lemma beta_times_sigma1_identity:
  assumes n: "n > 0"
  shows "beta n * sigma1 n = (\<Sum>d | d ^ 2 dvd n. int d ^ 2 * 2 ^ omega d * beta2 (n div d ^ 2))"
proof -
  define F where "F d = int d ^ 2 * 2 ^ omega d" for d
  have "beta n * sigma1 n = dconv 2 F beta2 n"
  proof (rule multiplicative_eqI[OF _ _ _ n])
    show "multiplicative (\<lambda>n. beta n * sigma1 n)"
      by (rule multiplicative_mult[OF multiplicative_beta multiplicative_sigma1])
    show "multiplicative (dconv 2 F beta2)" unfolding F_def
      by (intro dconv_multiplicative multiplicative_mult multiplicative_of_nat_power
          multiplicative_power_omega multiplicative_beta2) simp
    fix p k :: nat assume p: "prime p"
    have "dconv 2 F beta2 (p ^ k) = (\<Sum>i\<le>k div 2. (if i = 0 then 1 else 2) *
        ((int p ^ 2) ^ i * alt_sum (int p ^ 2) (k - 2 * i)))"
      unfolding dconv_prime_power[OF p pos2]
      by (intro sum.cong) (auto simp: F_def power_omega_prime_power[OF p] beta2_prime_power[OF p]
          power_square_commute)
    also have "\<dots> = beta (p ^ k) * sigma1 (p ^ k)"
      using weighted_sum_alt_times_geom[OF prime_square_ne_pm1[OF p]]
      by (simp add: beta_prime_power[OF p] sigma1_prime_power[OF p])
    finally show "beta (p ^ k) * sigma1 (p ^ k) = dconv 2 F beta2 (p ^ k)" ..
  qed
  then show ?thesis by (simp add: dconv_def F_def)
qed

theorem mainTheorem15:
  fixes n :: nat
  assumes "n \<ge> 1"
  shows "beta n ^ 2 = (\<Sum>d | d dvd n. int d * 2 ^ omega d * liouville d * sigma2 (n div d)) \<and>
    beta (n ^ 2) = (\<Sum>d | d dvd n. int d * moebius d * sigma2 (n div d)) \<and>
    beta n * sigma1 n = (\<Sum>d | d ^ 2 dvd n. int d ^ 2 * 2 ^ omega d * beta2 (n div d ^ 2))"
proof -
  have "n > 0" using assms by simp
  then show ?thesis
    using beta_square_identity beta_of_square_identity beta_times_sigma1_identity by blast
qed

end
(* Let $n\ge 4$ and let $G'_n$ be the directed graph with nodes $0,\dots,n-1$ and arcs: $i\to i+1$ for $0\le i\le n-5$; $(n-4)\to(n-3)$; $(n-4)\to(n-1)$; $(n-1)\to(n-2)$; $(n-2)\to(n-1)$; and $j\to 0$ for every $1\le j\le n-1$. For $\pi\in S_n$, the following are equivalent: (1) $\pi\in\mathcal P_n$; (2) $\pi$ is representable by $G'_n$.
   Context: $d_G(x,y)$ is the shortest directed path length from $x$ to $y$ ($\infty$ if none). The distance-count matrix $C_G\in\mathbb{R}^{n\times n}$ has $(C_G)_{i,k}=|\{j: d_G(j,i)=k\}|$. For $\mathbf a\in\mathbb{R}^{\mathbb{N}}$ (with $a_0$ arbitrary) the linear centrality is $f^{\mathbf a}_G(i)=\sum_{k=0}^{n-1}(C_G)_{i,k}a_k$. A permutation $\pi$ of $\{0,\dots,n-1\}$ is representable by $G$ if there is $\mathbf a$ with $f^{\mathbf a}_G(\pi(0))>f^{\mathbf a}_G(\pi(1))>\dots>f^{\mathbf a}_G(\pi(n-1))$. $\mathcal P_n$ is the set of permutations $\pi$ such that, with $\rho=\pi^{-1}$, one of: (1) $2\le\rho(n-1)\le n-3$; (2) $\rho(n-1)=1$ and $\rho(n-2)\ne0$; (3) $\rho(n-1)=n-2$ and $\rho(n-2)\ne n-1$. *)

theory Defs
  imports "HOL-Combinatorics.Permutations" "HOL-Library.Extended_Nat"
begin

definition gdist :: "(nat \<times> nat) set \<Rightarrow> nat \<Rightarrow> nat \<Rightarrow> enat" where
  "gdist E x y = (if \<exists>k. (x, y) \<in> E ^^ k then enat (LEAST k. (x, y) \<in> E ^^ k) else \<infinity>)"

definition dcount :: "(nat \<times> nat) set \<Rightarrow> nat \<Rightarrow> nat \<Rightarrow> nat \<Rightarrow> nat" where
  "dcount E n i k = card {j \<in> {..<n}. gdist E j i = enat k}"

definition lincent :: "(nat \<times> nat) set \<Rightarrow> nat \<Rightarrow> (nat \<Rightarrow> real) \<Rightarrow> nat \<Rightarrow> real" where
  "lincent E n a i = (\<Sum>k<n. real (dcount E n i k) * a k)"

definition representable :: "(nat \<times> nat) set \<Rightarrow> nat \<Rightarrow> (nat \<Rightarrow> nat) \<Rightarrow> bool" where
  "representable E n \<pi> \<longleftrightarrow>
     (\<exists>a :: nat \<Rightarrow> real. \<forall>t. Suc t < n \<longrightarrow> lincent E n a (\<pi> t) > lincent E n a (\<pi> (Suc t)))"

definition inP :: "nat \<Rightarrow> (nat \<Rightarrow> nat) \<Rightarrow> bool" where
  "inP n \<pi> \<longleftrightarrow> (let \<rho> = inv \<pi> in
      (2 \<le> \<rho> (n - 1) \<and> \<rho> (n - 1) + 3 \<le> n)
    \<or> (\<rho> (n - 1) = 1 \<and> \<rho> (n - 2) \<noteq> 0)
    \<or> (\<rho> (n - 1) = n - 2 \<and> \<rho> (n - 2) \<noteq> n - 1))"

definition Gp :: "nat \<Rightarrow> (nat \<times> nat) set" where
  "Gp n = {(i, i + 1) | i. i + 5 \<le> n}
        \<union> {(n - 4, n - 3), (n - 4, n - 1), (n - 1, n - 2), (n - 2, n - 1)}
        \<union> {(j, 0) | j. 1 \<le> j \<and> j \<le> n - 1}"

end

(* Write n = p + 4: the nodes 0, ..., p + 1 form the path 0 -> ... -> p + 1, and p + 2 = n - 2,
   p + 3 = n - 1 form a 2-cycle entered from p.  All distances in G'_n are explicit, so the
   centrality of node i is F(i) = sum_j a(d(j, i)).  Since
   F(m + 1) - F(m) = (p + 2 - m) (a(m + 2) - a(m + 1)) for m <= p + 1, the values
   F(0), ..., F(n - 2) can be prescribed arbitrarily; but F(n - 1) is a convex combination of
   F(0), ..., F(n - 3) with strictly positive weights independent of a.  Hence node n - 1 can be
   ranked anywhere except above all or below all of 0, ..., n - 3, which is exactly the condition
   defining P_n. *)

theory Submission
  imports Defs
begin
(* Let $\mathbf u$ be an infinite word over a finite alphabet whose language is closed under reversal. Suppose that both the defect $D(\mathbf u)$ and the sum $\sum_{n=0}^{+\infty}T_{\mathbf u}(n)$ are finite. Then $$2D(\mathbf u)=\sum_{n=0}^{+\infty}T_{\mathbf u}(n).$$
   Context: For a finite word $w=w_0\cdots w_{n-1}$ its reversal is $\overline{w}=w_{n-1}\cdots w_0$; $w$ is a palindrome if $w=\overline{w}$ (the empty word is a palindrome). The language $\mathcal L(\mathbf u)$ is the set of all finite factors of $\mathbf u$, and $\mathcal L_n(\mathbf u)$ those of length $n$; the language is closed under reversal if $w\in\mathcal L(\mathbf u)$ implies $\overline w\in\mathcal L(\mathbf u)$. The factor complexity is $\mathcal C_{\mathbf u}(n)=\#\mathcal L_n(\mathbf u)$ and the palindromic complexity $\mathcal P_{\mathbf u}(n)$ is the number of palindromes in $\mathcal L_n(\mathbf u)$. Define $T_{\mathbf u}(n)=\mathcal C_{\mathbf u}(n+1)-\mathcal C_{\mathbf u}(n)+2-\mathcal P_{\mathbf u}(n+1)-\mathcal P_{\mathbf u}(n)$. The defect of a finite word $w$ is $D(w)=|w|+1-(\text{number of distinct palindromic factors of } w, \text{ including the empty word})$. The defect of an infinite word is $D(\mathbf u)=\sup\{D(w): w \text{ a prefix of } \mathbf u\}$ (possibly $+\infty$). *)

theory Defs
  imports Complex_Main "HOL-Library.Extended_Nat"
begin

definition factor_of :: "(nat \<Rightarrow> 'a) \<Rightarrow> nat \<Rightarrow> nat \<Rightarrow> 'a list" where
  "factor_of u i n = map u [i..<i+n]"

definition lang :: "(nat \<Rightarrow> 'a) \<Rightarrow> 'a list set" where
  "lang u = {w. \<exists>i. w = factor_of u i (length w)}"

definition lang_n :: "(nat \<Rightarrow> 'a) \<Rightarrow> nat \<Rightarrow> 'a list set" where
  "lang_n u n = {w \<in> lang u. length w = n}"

ACTION ITEM >>
Give back exactly the lines of the listing, starting with the first and ending with the one bearing "(\<lambda>n. beta n". Add no other lines.

ANSWER SECTION >>
lemma beta_times_sigma1_identity:
  assumes n: "n > 0"
  shows "beta n * sigma1 n = (\<Sum>d | d ^ 2 dvd n. int d ^ 2 * 2 ^ omega d * beta2 (n div d ^ 2))"
proof -
  define F where "F d = int d ^ 2 * 2 ^ omega d" for d
  have "beta n * sigma1 n = dconv 2 F beta2 n"
  proof (rule multiplicative_eqI[OF _ _ _ n])
    show "multiplicative (\<lambda>n. beta n * sigma1 n)"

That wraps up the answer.